_What the task requires_. Which of the lines below holds the string "pisoI"? Copy every line that does.

Dataset entries:
☆ ☆ ☆ ☆
lemma piso_sym:
  assumes "piso P Q" shows "piso Q P"
  using assms
proof (elim pisoE)
  fix f assume wf: "well_formed P" and f: "bij_betw f (nodes P) (nodes Q)"
    and ar: "arrows Q = map_prod f f ` arrows P"
    and nl: "\<And>a. a \<in> nodes P \<Longrightarrow> nlab Q (f a) = nlab P a"
    and al: "\<And>e. e \<in> arrows P \<Longrightarrow> alab Q (map_prod f f e) = alab P e"
  define g where "g = inv_into (nodes P) f"
  have g: "bij_betw g (nodes Q) (nodes P)" using f bij_betw_inv_into g_def by blast
  have gf: "g (f a) = a" if "a \<in> nodes P" for a
    using f that g_def bij_betw_inv_into_left by fast
  have gf_arrow: "map_prod g g (map_prod f f e) = e" if "e \<in> arrows P" for e
    using that wf gf by (cases e) (auto simp: well_formed_def)
  show "piso Q P"
  proof (rule pisoI[where f = g])
    show "well_formed Q" using well_formed_piso[OF assms] .
    show "arrows P = map_prod g g ` arrows Q"
      unfolding ar image_image using gf_arrow by simp
    show "nlab P (g b) = nlab Q b" if "b \<in> nodes Q" for b
    proof -
      have "g b \<in> nodes P" using g that by (meson bij_betwE)
      moreover have "f (g b) = b" using bij_betw_inv_into_right[OF f that] by (simp add: g_def)
      ultimately show ?thesis using nl by metis
    qed
    show "alab P (map_prod g g e) = alab Q e" if "e \<in> arrows Q" for e
      using that al gf_arrow unfolding ar by auto
  qed fact
qed

lemma piso_trans:
  assumes "piso P Q" "piso Q R" shows "piso P R"
  using assms
proof (elim pisoE)
  fix f g assume wf: "well_formed P" and f: "bij_betw f (nodes P) (nodes Q)"
    and ar: "arrows Q = map_prod f f ` arrows P"
    and nl: "\<And>a. a \<in> nodes P \<Longrightarrow> nlab Q (f a) = nlab P a"
    and al: "\<And>e. e \<in> arrows P \<Longrightarrow> alab Q (map_prod f f e) = alab P e"
    and g: "bij_betw g (nodes Q) (nodes R)"
    and ar': "arrows R = map_prod g g ` arrows Q"
    and nl': "\<And>a. a \<in> nodes Q \<Longrightarrow> nlab R (g a) = nlab Q a"
    and al': "\<And>e. e \<in> arrows Q \<Longrightarrow> alab R (map_prod g g e) = alab Q e"
  show "piso P R"
  proof (rule pisoI[where f = "g \<circ> f"])
    show "bij_betw (g \<circ> f) (nodes P) (nodes R)" using f g by (rule bij_betw_trans)
    show "arrows R = map_prod (g \<circ> f) (g \<circ> f) ` arrows P"
      using ar ar' by (simp add: image_comp map_prod.comp)
    show "nlab R ((g \<circ> f) a) = nlab P a" if "a \<in> nodes P" for a
      using that f nl nl' by (simp add: bij_betwE)
    show "alab R (map_prod (g \<circ> f) (g \<circ> f) e) = alab P e" if "e \<in> arrows P" for e
    proof -
      have "map_prod f f e \<in> arrows Q" using ar that by simp
      then have "alab R (map_prod g g (map_prod f f e)) = alab P e" using al' al that by simp
      then show ?thesis by (cases e) simp
    qed
  qed fact
qed

lemma cls_eq_piso: "piso P Q \<Longrightarrow> cls P = cls Q"
  unfolding cls_def using piso_sym piso_trans by blast

lemma cls_eq_iff: "well_formed P \<Longrightarrow> cls P = cls Q \<longleftrightarrow> piso P Q"
  using piso_refl[of P] piso_sym[of Q P] cls_eq_piso[of P Q] unfolding cls_def by blast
☆ ☆ ☆ ☆
_Exercise result_.
  proof (rule pisoI[where f = g])
  proof (rule pisoI[where f = "g \<circ> f"])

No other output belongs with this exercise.